DATA EXTRACT START

(* Let $n$ be such that $n$ or $1/n$ is a positive integer, let $\Delta_n=\mathrm{diag}(n,\frac1n,1,\dots,1)\in\mathcal{M}_{2g}(\mathbb{Q})$, and let $V$, $W$ be Seifert matrices with $W=\Delta_nV\Delta_n$. Then there are enlargements $\tilde V$ of $V$ and $\tilde W$ of $W$ with $\tilde W=P\tilde VP^t$ for some integral symplectic matrix $P$. Furthermore, if $(M,K,\Sigma,\underline f,V)$ and $(M',K',\Sigma',\underline f',W)$ are $\mathbb{Q}$SK-systems, then $W$ can be obtained from $V$ by a sequence of one enlargement, one integral symplectic congruence and one reduction, which induces the same $\tau$-class of isomorphisms $\mathcal{A}(K)\to\mathcal{A}(K')$ as the congruence $W=\Delta_nV\Delta_n$.
   Context: $J$: $2g\times2g$ block-diagonal with blocks $\begin{pmatrix}0&-1\\1&0\end{pmatrix}$. Seifert matrix: $V\in\mathcal{M}_{2g}(\mathbb{Q})$ with $V-V^t=J$ (note $\Delta_n$ is symplectic). $P$ symplectic: $PJP^t=J$. Row enlargement of $V$: $\begin{pmatrix}0&0&0\\1&x&\rho^t\\0&\rho&V\end{pmatrix}$; column enlargement: $\begin{pmatrix}0&-1&0\\0&x&\rho^t\\0&\rho&V\end{pmatrix}$ ($x\in\mathbb{Q}$, $\rho\in\mathbb{Q}^{2g}$); $V$ is a reduction of these. $\mathbb{Q}$SK-system $(M,K,\Sigma,\underline f,V)$: a rational homology 3-sphere $M$, knot $K$ trivial in $H_1(M;\mathbb{Z})$, Seifert surface $\Sigma$ of genus $g$, basis $(f_i)$ of $H_1(\Sigma;\mathbb{Z})$ with intersection matrix $-J$, $V_{ij}=lk(f_i,f_j^+)$. $\mathcal{A}(K)=H_1(\tilde X;\mathbb{Q})$ for the infinite cyclic covering $\tilde X$ of the exterior, $t$ acting by a deck generator. Associated generators $(b_i)$: lifts of meridians of the $f_i$, generating $\mathcal{A}(K)$ with relations $\sum_i(tV-V^t)_{ij}b_i$, defined up to a common factor $t^k$. Induced $\tau$-class (the $\tau$-class of $\xi$ is $\{\xi\circ m_k\}$, $m_k$ multiplication by $t^k$): for a congruence $V'=PVP^t$, the class of $b_i\mapsto\sum_kP_{ki}b'_k$; for an enlargement, the class of $b_i\mapsto b'_{i+2}$ (generators of the enlarged matrix indexed $1,\dots,2g+2$); reductions give inverses; sequences give compositions. Here the intermediate enlarged matrices define modules by the same presentation. *)

theory Defs
  imports "HOL-Computational_Algebra.Polynomial"
begin

text \<open>Matrices are functions nat => nat => rat, indices 0-based; an m x m matrix
  is supported on {0..<m} x {0..<m}.\<close>

type_synonym qmat = "nat \<Rightarrow> nat \<Rightarrow> rat"

definition supported :: "nat \<Rightarrow> qmat \<Rightarrow> bool" where
  "supported m A \<longleftrightarrow> (\<forall>i j. \<not> (i < m \<and> j < m) \<longrightarrow> A i j = 0)"

definition mmul :: "nat \<Rightarrow> qmat \<Rightarrow> qmat \<Rightarrow> qmat" where
  "mmul m A B = (\<lambda>i j. \<Sum>k<m. A i k * B k j)"

definition mtrans :: "qmat \<Rightarrow> qmat" where
  "mtrans A = (\<lambda>i j. A j i)"

definition Jmat :: "nat \<Rightarrow> qmat" where
  "Jmat g = (\<lambda>i j. if i < 2*g \<and> j < 2*g then
       (if even i \<and> j = i + 1 then -1 else if odd i \<and> i = j + 1 then 1 else 0) else 0)"

definition seifert_matrix :: "nat \<Rightarrow> qmat \<Rightarrow> bool" where
  "seifert_matrix g V \<longleftrightarrow> supported (2*g) V \<and>
     (\<forall>i<2*g. \<forall>j<2*g. V i j - V j i = Jmat g i j)"

definition integral_symplectic :: "nat \<Rightarrow> qmat \<Rightarrow> bool" where
  "integral_symplectic g P \<longleftrightarrow> supported (2*g) P \<and> (\<forall>i j. P i j \<in> \<int>) \<and>
     mmul (2*g) (mmul (2*g) P (Jmat g)) (mtrans P) = Jmat g"

definition Delta :: "nat \<Rightarrow> rat \<Rightarrow> qmat" where
  "Delta g n = (\<lambda>i j. if i = j \<and> i < 2*g then
       (if i = 0 then n else if i = 1 then 1 / n else 1) else 0)"

text \<open>Row enlargement ((0,0,0),(1,x,rho^t),(0,rho,V)) and column enlargement
  ((0,-1,0),(0,x,rho^t),(0,rho,V)) of a 2g x 2g matrix V; the generators of the
  enlarged matrix are indexed 0,...,2g+1, the old ones becoming i+2.\<close>
definition row_enl :: "nat \<Rightarrow> qmat \<Rightarrow> rat \<Rightarrow> (nat \<Rightarrow> rat) \<Rightarrow> qmat" where
  "row_enl g V x \<rho> = (\<lambda>i j. if i < 2*g+2 \<and> j < 2*g+2 then
      (if i = 0 then 0
       else if i = 1 then (if j = 0 then 1 else if j = 1 then x else \<rho> (j-2))
       else (if j = 0 then 0 else if j = 1 then \<rho> (i-2) else V (i-2) (j-2)))
     else 0)"

definition col_enl :: "nat \<Rightarrow> qmat \<Rightarrow> rat \<Rightarrow> (nat \<Rightarrow> rat) \<Rightarrow> qmat" where
  "col_enl g V x \<rho> = (\<lambda>i j. if i < 2*g+2 \<and> j < 2*g+2 then
      (if i = 0 then (if j = 1 then -1 else 0)
       else if i = 1 then (if j = 0 then 0 else if j = 1 then x else \<rho> (j-2))
       else (if j = 0 then 0 else if j = 1 then \<rho> (i-2) else V (i-2) (j-2)))
     else 0)"

definition is_enlargement :: "nat \<Rightarrow> qmat \<Rightarrow> qmat \<Rightarrow> bool" where
  "is_enlargement g V V' \<longleftrightarrow> (\<exists>x \<rho>. V' = row_enl g V x \<rho> \<or> V' = col_enl g V x \<rho>)"

text \<open>An element of the free module on generators b_0..b_(m-1) is a coefficient vector
  nat => rat poly.  Laurent coefficients are handled by allowing multiplication by powers
  of t: two vectors are equal in the module presented by V (of size m) iff t^N times their
  difference lies in the Q[t]-span of the relation vectors
  r_j = sum_i (tV - V^t)_(ij) b_i, j < m.\<close>

type_synonym lvec = "nat \<Rightarrow> rat poly"
type_synonym gmap = "nat \<Rightarrow> lvec"  \<comment> \<open>image of each generator b_i\<close>

definition rel_coeff :: "qmat \<Rightarrow> nat \<Rightarrow> nat \<Rightarrow> rat poly" where
  "rel_coeff V j i = [: - V j i, V i j :]"   \<comment> \<open>(tV - V^t)_(ij)\<close>

definition mod_eq :: "nat \<Rightarrow> qmat \<Rightarrow> lvec \<Rightarrow> lvec \<Rightarrow> bool" where
  "mod_eq m V v w \<longleftrightarrow> (\<exists>N c. \<forall>i<m.
      monom 1 N * (v i - w i) = (\<Sum>j<m. c j * rel_coeff V j i))"

definition comp_map :: "nat \<Rightarrow> gmap \<Rightarrow> gmap \<Rightarrow> gmap" where
  "comp_map mid \<psi> \<xi> = (\<lambda>i k. \<Sum>j<mid. \<xi> i j * \<psi> j k)"   \<comment> \<open>psi after xi\<close>

definition id_map :: gmap where
  "id_map = (\<lambda>i k. if k = i then 1 else 0)"

definition cong_map :: "nat \<Rightarrow> qmat \<Rightarrow> gmap" where
  "cong_map m P = (\<lambda>i k. if k < m then [: P k i :] else 0)"  \<comment> \<open>b_i |-> sum_k P_(ki) b'_k\<close>

definition enl_map :: gmap where
  "enl_map = (\<lambda>i k. if k = i + 2 then 1 else 0)"

definition well_defined_map :: "nat \<Rightarrow> qmat \<Rightarrow> nat \<Rightarrow> qmat \<Rightarrow> gmap \<Rightarrow> bool" where
  "well_defined_map m V m' W \<phi> \<longleftrightarrow>
     (\<forall>j<m. mod_eq m' W (\<lambda>k. \<Sum>i<m. rel_coeff V j i * \<phi> i k) (\<lambda>_. 0))"

definition map_eq :: "nat \<Rightarrow> nat \<Rightarrow> qmat \<Rightarrow> gmap \<Rightarrow> gmap \<Rightarrow> bool" where
  "map_eq m m' W \<xi> \<eta> \<longleftrightarrow> (\<forall>i<m. mod_eq m' W (\<xi> i) (\<eta> i))"

text \<open>Same tau-class: eta = xi o m_k for some integer k (m_k multiplication by t^k),
  expressed as t^a xi = t^b eta with a, b natural.\<close>
definition same_tau_class :: "nat \<Rightarrow> nat \<Rightarrow> qmat \<Rightarrow> gmap \<Rightarrow> gmap \<Rightarrow> bool" where
  "same_tau_class m m' W \<xi> \<eta> \<longleftrightarrow> (\<exists>a b. \<forall>i<m.
      mod_eq m' W (\<lambda>k. monom 1 a * \<xi> i k) (\<lambda>k. monom 1 b * \<eta> i k))"

end

theory Submission
  imports Defs
begin

(*
  The congruence W = Delta V Delta is rational, not integral, but it becomes integral after
  enlarging: a 4 x 4 integral symplectic block acting on the two enlargement generators and
  the first symplectic pair (identity elsewhere) carries a column enlargement of V to a row
  enlargement of W.  For n = N the enlargement parameters come from row 1 of V and column 0
  of W; for n = 1/N the roles of the first two generators are exchanged.

  The relations of a row enlargement read t b_1 = 0 and b_0 = (t - 1) sum_k rho_k b_(k+2),
  so eliminating b_0 and b_1 inverts the enlargement.  Following a generator of A(V) through
  enlargement, congruence and this reduction gives Delta_ii b_i up to a single relation of W
  (its relation 0 for n = N, its relation 1 for n = 1/N), so the composite induces the same
  tau-class as the congruence by Delta, with exponent 0.
*)

lemma sum_lessThan_add_2_shift:
  fixes m :: nat
  shows "(\<Sum>i<m+2. f i) = f 0 + f 1 + (\<Sum>i<m. f (i + 2))"
  unfolding add_2_eq_Suc' by (simp add: sum.lessThan_Suc_shift add.assoc del: sum.lessThan_Suc)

DATA EXTRACT END

- _WORK REQUEST_
All that belongs in the answer is the run of lines above from the line containing "A = (\<lambda>i" through the line containing "(if i = 0 then n", exactly as written.

- _ANSWER SPACE_
  "mtrans A = (\<lambda>i j. A j i)"

definition Jmat :: "nat \<Rightarrow> qmat" where
  "Jmat g = (\<lambda>i j. if i < 2*g \<and> j < 2*g then
       (if even i \<and> j = i + 1 then -1 else if odd i \<and> i = j + 1 then 1 else 0) else 0)"

definition seifert_matrix :: "nat \<Rightarrow> qmat \<Rightarrow> bool" where
  "seifert_matrix g V \<longleftrightarrow> supported (2*g) V \<and>
     (\<forall>i<2*g. \<forall>j<2*g. V i j - V j i = Jmat g i j)"

definition integral_symplectic :: "nat \<Rightarrow> qmat \<Rightarrow> bool" where
  "integral_symplectic g P \<longleftrightarrow> supported (2*g) P \<and> (\<forall>i j. P i j \<in> \<int>) \<and>
     mmul (2*g) (mmul (2*g) P (Jmat g)) (mtrans P) = Jmat g"

definition Delta :: "nat \<Rightarrow> rat \<Rightarrow> qmat" where
  "Delta g n = (\<lambda>i j. if i = j \<and> i < 2*g then
       (if i = 0 then n else if i = 1 then 1 / n else 1) else 0)"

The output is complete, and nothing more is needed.